- **Task requirements**:
Copy out all lines of the material below in which "using" occurs.

━━━━━━━━━━

(* Let $A\in\mathbb{R}^{n\times n}$, $B\in\mathbb{R}^n$ with $(A,B)$ controllable, $\mathcal{C}=(B\;AB\;\cdots\;A^{n-1}B)$, and suppose $e_n^T\mathcal{C}^{-1}=C_{n-1}C_{n-2}\cdots C_1$ with $C_k\in\mathbb{R}^{(n-k)\times(n-k+1)}$ for $k=1,\dots,n-1$. Let $\Phi(s)=s^n+p_1s^{n-1}+\dots+p_{n-1}s+p_n$ be a real polynomial. Put $A_1=A$ and $A_k=C_{k-1}C_{k-2}\cdots C_1A^k$ for $k=2,\dots,n$. Define $$K_0=p_nI_n,\qquad K_k=C_k\,(A_k\,p_{n-k}+K_{k-1})\quad(k=1,\dots,n-1),\qquad K=A_n+K_{n-1}.$$ Then $K=e_n^T\mathcal{C}^{-1}\Phi(A)$ and $\det(sI-A+BK)=\Phi(s)$.
   Context: $e_n$ is the $n$-th canonical basis vector; $K_k$ is an $(n-k)\times n$ matrix and $K$ a row vector. *)

theory Defs
  imports "Jordan_Normal_Form.Jordan_Normal_Form"
          "Jordan_Normal_Form.Gauss_Jordan_Elimination"
          "Jordan_Normal_Form.DL_Rank"
begin

text \<open>Matrices are JNF matrices of type real mat with explicit dimensions.
  A is n x n, B is n x 1 (a column), C k is (n-k) x (n-k+1).\<close>

definition ctrb_mat :: "nat \<Rightarrow> real mat \<Rightarrow> real mat \<Rightarrow> real mat" where
  "ctrb_mat n A B = mat n n (\<lambda>(i, j). ((A ^\<^sub>m j) * B) $$ (i, 0))"

definition controllable :: "nat \<Rightarrow> real mat \<Rightarrow> real mat \<Rightarrow> bool" where
  "controllable n A B \<longleftrightarrow> vec_space.rank n (ctrb_mat n A B) = n"

definition en_row :: "nat \<Rightarrow> real mat" where
  "en_row n = mat 1 n (\<lambda>(i, j). if j = n - 1 then 1 else 0)"

fun Cprod :: "(nat \<Rightarrow> real mat) \<Rightarrow> nat \<Rightarrow> nat \<Rightarrow> real mat" where
  "Cprod C n 0 = 1\<^sub>m n"
| "Cprod C n (Suc k) = C (Suc k) * Cprod C n k"

definition Amat :: "(nat \<Rightarrow> real mat) \<Rightarrow> nat \<Rightarrow> real mat \<Rightarrow> nat \<Rightarrow> real mat" where
  "Amat C n A k = (if k = 1 then A else Cprod C n (k - 1) * A ^\<^sub>m k)"

fun Kseq :: "(nat \<Rightarrow> real mat) \<Rightarrow> nat \<Rightarrow> real mat \<Rightarrow> (nat \<Rightarrow> real) \<Rightarrow> nat \<Rightarrow> real mat" where
  "Kseq C n A p 0 = p n \<cdot>\<^sub>m 1\<^sub>m n"
| "Kseq C n A p (Suc k) =
     C (Suc k) * (p (n - Suc k) \<cdot>\<^sub>m Amat C n A (Suc k) + Kseq C n A p k)"

definition Kgain :: "(nat \<Rightarrow> real mat) \<Rightarrow> nat \<Rightarrow> real mat \<Rightarrow> (nat \<Rightarrow> real) \<Rightarrow> real mat" where
  "Kgain C n A p = Amat C n A n + Kseq C n A p (n - 1)"

definition Phi :: "nat \<Rightarrow> (nat \<Rightarrow> real) \<Rightarrow> real \<Rightarrow> real" where
  "Phi n p s = s ^ n + (\<Sum>i = 1..n. p i * s ^ (n - i))"

definition Phi_mat :: "nat \<Rightarrow> (nat \<Rightarrow> real) \<Rightarrow> real mat \<Rightarrow> real mat" where
  "Phi_mat n p A = mat n n (\<lambda>(i, j).
     (A ^\<^sub>m n) $$ (i, j) + (\<Sum>k = 1..n. p k * (A ^\<^sub>m (n - k)) $$ (i, j)))"

end

theory Submission imports Defs begin

text \<open>Put q = e_n^T C^-1. From q C = e_n^T, the Markov parameters q A^m B vanish for
  m < n - 1 and equal 1 for m = n - 1. Hence the matrix T with rows q, qA, ..., qA^(n-1) is
  invertible, and for K = q Phi(A) one has T (sI - A + BK) = N(s) T, where N(s) is sI minus the
  companion matrix of Phi; so det (sI - A + BK) = det N(s) = Phi(s) (Ackermann's formula).
  The recursion for K_k unfolds to K_k = C_k ... C_1 (p_n I + p_(n-1) A + ... + p_(n-k) A^k),
  which for k = n - 1 is K = q Phi(A).\<close>

lemma index_mult_mat_sum:
  "X \<in> carrier_mat r n \<Longrightarrow> Y \<in> carrier_mat n m \<Longrightarrow> i < r \<Longrightarrow> j < m \<Longrightarrow>
   (X * Y) $$ (i, j) = (\<Sum>t<n. X $$ (i, t) * Y $$ (t, j))"
  by (simp add: scalar_prod_def atLeast0LessThan)

lemma pow_mat_add:
  assumes A: "A \<in> carrier_mat n n"
  shows "A ^\<^sub>m (i + d) = A ^\<^sub>m i * A ^\<^sub>m d"
proof (induction d)
  case (Suc d)
  have "A ^\<^sub>m (i + Suc d) = A ^\<^sub>m i * A ^\<^sub>m d * A" using Suc by simp
  also have "\<dots> = A ^\<^sub>m i * (A ^\<^sub>m d * A)" using A by (simp add: assoc_mult_mat[of _ n n _ n _ n])
  finally show ?case by simp
qed (use A in simp)

lemma sum_atLeast1_atMost_reverse: "(\<Sum>k = 1..(n::nat). f k) = (\<Sum>l<n. f (n - l))"
  by (rule sum.reindex_bij_witness[of _ "\<lambda>l. n - l" "\<lambda>k. n - k"]) auto

section \<open>The companion pencil\<close>

text \<open>sI - F, where the companion matrix F of Phi has ones on the superdiagonal and last row
  -p_n, ..., -p_1.\<close>
definition companion_pencil :: "nat \<Rightarrow> (nat \<Rightarrow> real) \<Rightarrow> real \<Rightarrow> real mat" where
  "companion_pencil n p s = mat n n (\<lambda>(i, l). (if i = l then s else 0) - (if l = Suc i then 1 else 0)
       + (if i = n - 1 then p (n - l) else 0))"

definition power_column_mat :: "nat \<Rightarrow> real \<Rightarrow> real mat" where
  "power_column_mat n s = mat n n (\<lambda>(i, j). if i = j then 1 else if j = 0 then s ^ i else 0)"

lemma companion_pencil_carrier[simp]: "companion_pencil n p s \<in> carrier_mat n n"
  by (simp add: companion_pencil_def)

lemma power_column_mat_carrier[simp]: "power_column_mat n s \<in> carrier_mat n n"
  by (simp add: power_column_mat_def)

lemma det_power_column_mat: "det (power_column_mat n s) = 1"
  by (subst det_lower_triangular[OF _ power_column_mat_carrier])
     (auto simp: power_column_mat_def prod_list_diag_prod)

text \<open>Adding s^l times column l to column 0 for every l turns column 0 into (0, ..., 0, Phi(s)).\<close>
lemma companion_pencil_power_column_0:
  assumes n: "n \<ge> 1" and i: "i < n"
  shows "(companion_pencil n p s * power_column_mat n s) $$ (i, 0)
    = (if i = n - 1 then s ^ n + (\<Sum>l<n. p (n - l) * s ^ l) else 0)"
proof -
  have "(companion_pencil n p s * power_column_mat n s) $$ (i, 0)
      = (\<Sum>l<n. (if i = l then s * s ^ l else 0) - (if l = Suc i then s ^ l else 0)
          + (if i = n - 1 then p (n - l) * s ^ l else 0))"
    using i n index_mult_mat_sum[OF companion_pencil_carrier power_column_mat_carrier, of i n 0 p s]
    by (simp only:) (intro sum.cong; auto simp: power_column_mat_def companion_pencil_def algebra_simps)
  also have "\<dots> = (if i = n - 1 then s ^ n + (\<Sum>l<n. p (n - l) * s ^ l) else 0)"
    using i n by (cases n) (auto simp: sum.distrib sum_subtractf sum.If_cases)
  finally show ?thesis .
qed

lemma companion_pencil_power_column:
  assumes i: "i < n" and j: "j < n" "j \<noteq> 0"
  shows "(companion_pencil n p s * power_column_mat n s) $$ (i, j) = companion_pencil n p s $$ (i, j)"
proof -
  have "(companion_pencil n p s * power_column_mat n s) $$ (i, j)
      = (\<Sum>l<n. if l = j then companion_pencil n p s $$ (i, l) else 0)"
    using i j index_mult_mat_sum[OF companion_pencil_carrier power_column_mat_carrier, of i n j p s]
    by (simp only:) (intro sum.cong; auto simp: power_column_mat_def)
  then show ?thesis using j by simp
qed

━━━━━━━━━━

- **Result**:
  have "A ^\<^sub>m (i + Suc d) = A ^\<^sub>m i * A ^\<^sub>m d * A" using Suc by simp
  also have "\<dots> = A ^\<^sub>m i * (A ^\<^sub>m d * A)" using A by (simp add: assoc_mult_mat[of _ n n _ n _ n])
    using i n index_mult_mat_sum[OF companion_pencil_carrier power_column_mat_carrier, of i n 0 p s]
    using i n by (cases n) (auto simp: sum.distrib sum_subtractf sum.If_cases)
    using i j index_mult_mat_sum[OF companion_pencil_carrier power_column_mat_carrier, of i n j p s]
  then show ?thesis using j by simp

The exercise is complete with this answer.